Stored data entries
┌────────

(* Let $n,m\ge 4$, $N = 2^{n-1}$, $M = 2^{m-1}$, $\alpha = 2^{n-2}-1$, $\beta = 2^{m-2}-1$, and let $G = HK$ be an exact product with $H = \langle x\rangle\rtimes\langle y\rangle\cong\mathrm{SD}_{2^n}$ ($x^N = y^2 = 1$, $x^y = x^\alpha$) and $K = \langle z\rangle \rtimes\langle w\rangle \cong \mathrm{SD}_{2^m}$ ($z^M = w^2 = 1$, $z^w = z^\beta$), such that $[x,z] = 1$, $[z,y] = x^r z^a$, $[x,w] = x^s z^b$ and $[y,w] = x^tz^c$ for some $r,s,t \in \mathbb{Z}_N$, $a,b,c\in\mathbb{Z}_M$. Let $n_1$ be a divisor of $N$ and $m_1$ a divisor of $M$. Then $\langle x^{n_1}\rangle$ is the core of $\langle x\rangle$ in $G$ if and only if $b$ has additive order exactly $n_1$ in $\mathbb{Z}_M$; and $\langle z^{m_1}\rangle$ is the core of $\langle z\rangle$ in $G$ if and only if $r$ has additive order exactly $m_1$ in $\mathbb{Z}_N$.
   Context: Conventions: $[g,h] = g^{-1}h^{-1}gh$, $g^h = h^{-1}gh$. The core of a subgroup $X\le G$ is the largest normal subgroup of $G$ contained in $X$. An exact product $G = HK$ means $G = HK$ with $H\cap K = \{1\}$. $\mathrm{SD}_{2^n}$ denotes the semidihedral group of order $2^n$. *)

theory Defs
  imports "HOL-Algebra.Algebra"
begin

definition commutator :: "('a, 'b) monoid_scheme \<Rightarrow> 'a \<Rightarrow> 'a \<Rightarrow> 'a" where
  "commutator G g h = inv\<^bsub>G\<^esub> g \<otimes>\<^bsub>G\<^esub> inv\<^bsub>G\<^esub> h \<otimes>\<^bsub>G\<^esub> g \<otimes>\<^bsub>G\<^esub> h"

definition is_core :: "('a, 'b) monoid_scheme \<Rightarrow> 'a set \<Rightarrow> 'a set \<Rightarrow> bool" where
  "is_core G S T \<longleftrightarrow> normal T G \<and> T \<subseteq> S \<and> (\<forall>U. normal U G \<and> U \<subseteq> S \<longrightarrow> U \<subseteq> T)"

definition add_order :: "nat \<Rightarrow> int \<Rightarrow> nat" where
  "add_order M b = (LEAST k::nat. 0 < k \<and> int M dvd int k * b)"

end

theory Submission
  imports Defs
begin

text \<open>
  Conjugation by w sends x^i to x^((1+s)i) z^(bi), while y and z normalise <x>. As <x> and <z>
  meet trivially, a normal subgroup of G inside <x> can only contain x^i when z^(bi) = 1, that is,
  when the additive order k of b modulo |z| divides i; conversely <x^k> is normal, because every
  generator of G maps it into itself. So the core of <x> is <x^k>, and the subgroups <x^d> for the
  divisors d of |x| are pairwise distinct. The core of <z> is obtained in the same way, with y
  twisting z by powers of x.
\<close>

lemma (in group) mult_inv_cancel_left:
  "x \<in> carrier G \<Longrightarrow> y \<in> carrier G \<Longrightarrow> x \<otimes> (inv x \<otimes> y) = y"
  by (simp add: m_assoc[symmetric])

└────────

**Problem details:** Find the number of lines in the records that contain "commutator", and write that number only.

**Finished task:** 2